PROVIDED RECORDS:
lemma hs_inner_mult_right: "hs_inner Lam d Z (op_mult Lam d Y b) = hs_inner Lam d (op_mult Lam d Z (op_adj b)) Y"
proof -
  have "hs_inner Lam d Z (op_mult Lam d Y b)
      = op_trace Lam d (op_mult Lam d (op_mult Lam d (op_adj Z) Y) b)"
    unfolding hs_inner_def by (simp add: op_mult_assoc)
  also have "\<dots> = op_trace Lam d (op_mult Lam d b (op_mult Lam d (op_adj Z) Y))"
    by (rule op_trace_mult_commute)
  also have "\<dots> = hs_inner Lam d (op_mult Lam d Z (op_adj b)) Y"
    unfolding hs_inner_def by (simp add: op_mult_assoc op_adj_mult)
  finally show ?thesis .
qed

lemma hs_inner_mult_left: "hs_inner Lam d Z (op_mult Lam d b Y) = hs_inner Lam d (op_mult Lam d (op_adj b) Z) Y"
  unfolding hs_inner_def by (simp add: op_mult_assoc op_adj_mult)

lemma hs_inner_self_eq_0:
  assumes "finite Lam" "F \<in> ops Lam d" "hs_inner Lam d F F = 0"
  shows "F = 0"
proof -
  let ?C = "confs Lam d"
  have fin: "finite ?C" using finite_confs[OF assms(1)] .
  have "hs_inner Lam d F F = complex_of_real (\<Sum>s\<in>?C. \<Sum>u\<in>?C. (cmod (F u s))\<^sup>2)"
    unfolding hs_inner_def op_trace_def op_mult_def op_adj_def of_real_sum
    by (intro sum.cong refl) (metis complex_norm_square mult.commute)
  then have "(\<Sum>s\<in>?C. \<Sum>u\<in>?C. (cmod (F u s))\<^sup>2) = 0"
    using assms(3) of_real_eq_0_iff by metis
  then have "\<forall>s\<in>?C. \<forall>u\<in>?C. F u s = 0"
    using fin by (simp add: sum_nonneg sum_nonneg_eq_0_iff)
  then show "F = 0" using opsD[OF assms(2)] by (auto simp: fun_eq_iff)
qed

lemma hs_inner_span_eq_0:
  assumes "\<forall>v\<in>F. hs_inner Lam d v R = 0" "u \<in> op_vec.span F"
  shows "hs_inner Lam d u R = 0"
proof -
  have "op_vec.subspace {v. hs_inner Lam d v R = 0}"
    by (rule op_vec.subspaceI) (simp_all add: hs_inner_add_left hs_inner_smult_left hs_inner_zero_left)
  then show ?thesis
    using op_vec.span_minimal[of F "{v. hs_inner Lam d v R = 0}"] assms by blast
qed

text \<open>The Gram--Schmidt step: \<open>v - W\<close> is orthogonal to \<open>F\<close>, so correcting \<open>Y'\<close> along it
  keeps \<open>R - Y'\<close> orthogonal to \<open>F\<close> and makes it orthogonal to \<open>v\<close>.\<close>

lemma orthogonal_projection_insert:
  assumes "finite Lam" "F \<subseteq> ops Lam d" "v \<in> ops Lam d"
    and "Y' \<in> op_vec.span F" "\<forall>u\<in>F. hs_inner Lam d u (R - Y') = 0"
    and "W \<in> op_vec.span F" "\<forall>u\<in>F. hs_inner Lam d u (v - W) = 0"
  shows "\<exists>Y\<in>op_vec.span (insert v F). \<forall>u\<in>insert v F. hs_inner Lam d u (R - Y) = 0"
proof -
  define w where "w = v - W"
  have span_mono: "op_vec.span F \<subseteq> op_vec.span (insert v F)"
    by (rule op_vec.span_mono) blast
  have "v \<in> op_vec.span (insert v F)" "W \<in> op_vec.span (insert v F)"
    using assms(6) span_mono by (auto intro: op_vec.span_base)
  then have w_span: "w \<in> op_vec.span (insert v F)"
    unfolding w_def by (rule op_vec.span_diff)
  show ?thesis
  proof (cases "w = 0")
    case True
    then have "hs_inner Lam d v (R - Y') = 0"
      using hs_inner_span_eq_0[OF assms(5,6)] by (simp add: w_def)
    then show ?thesis using assms(4,5) span_mono by blast
  next
    case False
    have "w \<in> ops Lam d"
      using op_vec.span_minimal[OF _ ops_subspace] assms(2,3) w_span by blast
    then have w_nonzero: "hs_inner Lam d w w \<noteq> 0"
      using hs_inner_self_eq_0[OF assms(1)] False by blast
    define Y where "Y = Y' + op_smult (hs_inner Lam d w (R - Y') / hs_inner Lam d w w) w"
    have R_Y: "R - Y = (R - Y') - op_smult (hs_inner Lam d w (R - Y') / hs_inner Lam d w w) w"
      unfolding Y_def by simp
    have orth_F: "\<forall>u\<in>F. hs_inner Lam d u (R - Y) = 0"
      using assms(5,7) unfolding R_Y w_def by (simp add: hs_inner_diff_right hs_inner_smult_right)
    have "hs_inner Lam d w (R - Y) = 0"
      unfolding R_Y using w_nonzero by (simp add: hs_inner_diff_right hs_inner_smult_right)
    moreover have "hs_inner Lam d W (R - Y) = 0"
      using hs_inner_span_eq_0[OF orth_F assms(6)] .
    ultimately have "hs_inner Lam d v (R - Y) = 0"
      using hs_inner_add_left[of Lam d w W] by (simp add: w_def)
    moreover have "Y \<in> op_vec.span (insert v F)"
      unfolding Y_def using assms(4) span_mono w_span by (intro op_vec.span_add op_vec.span_scale) blast+
    ultimately show ?thesis using orth_F by blast
  qed
qed

lemma orthogonal_projection_span:
  assumes "finite Lam" "finite F" "F \<subseteq> ops Lam d"
  shows "\<exists>Y\<in>op_vec.span F. \<forall>v\<in>F. hs_inner Lam d v (R - Y) = 0"
  using assms(2,3)
proof (induction F arbitrary: R rule: finite_induct)
  case empty
  then show ?case using op_vec.span_zero by blast
next
  case (insert v F)
  obtain Y' where "Y' \<in> op_vec.span F" "\<forall>u\<in>F. hs_inner Lam d u (R - Y') = 0"
    using insert by blast
  moreover obtain W where "W \<in> op_vec.span F" "\<forall>u\<in>F. hs_inner Lam d u (v - W) = 0"
    using insert by blast
  ultimately show ?case
    using orthogonal_projection_insert[OF assms(1)] insert.prems by blast
qed

lemma orthogonal_projection_exists:
  assumes "finite Lam" "op_vec.subspace C" "C \<subseteq> ops Lam d"
  obtains Y where "Y \<in> C" "\<And>Z. Z \<in> C \<Longrightarrow> hs_inner Lam d Z Y = hs_inner Lam d Z R"
proof -
  obtain F where F: "F \<subseteq> C" "op_vec.independent F" "C \<subseteq> op_vec.span F"
    by (rule op_vec.maximal_independent_subset)
  obtain E where "finite E" "ops Lam d \<subseteq> op_vec.span E"
    using ops_finite_dimensional[OF assms(1)] .
  then have "finite F"
    using op_vec.independent_span_bound[OF _ F(2)] F(1) assms(3) by blast
  then obtain Y where Y: "Y \<in> op_vec.span F" "\<forall>v\<in>F. hs_inner Lam d v (R - Y) = 0"
    using orthogonal_projection_span[OF assms(1)] F(1) assms(3) by blast
  have span_F: "op_vec.span F = C"
    using op_vec.span_minimal[OF F(1) assms(2)] F(3) by blast
  show ?thesis
  proof
    show "Y \<in> C" using Y(1) span_F by simp
    fix Z assume "Z \<in> C"
    then have "hs_inner Lam d Z (R - Y) = 0"
      using hs_inner_span_eq_0[OF Y(2)] span_F by simp
    then show "hs_inner Lam d Z Y = hs_inner Lam d Z R"
      by (simp add: hs_inner_diff_right)
  qed
qed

EXERCISE OBJECTIVE: Starting with the line that contains "fix Z assume", restate every line through the end of the records above, exactly and with no other lines.

EXERCISE ANSWER:
    fix Z assume "Z \<in> C"
    then have "hs_inner Lam d Z (R - Y) = 0"
      using hs_inner_span_eq_0[OF Y(2)] span_F by simp
    then show "hs_inner Lam d Z Y = hs_inner Lam d Z R"
      by (simp add: hs_inner_diff_right)
  qed
qed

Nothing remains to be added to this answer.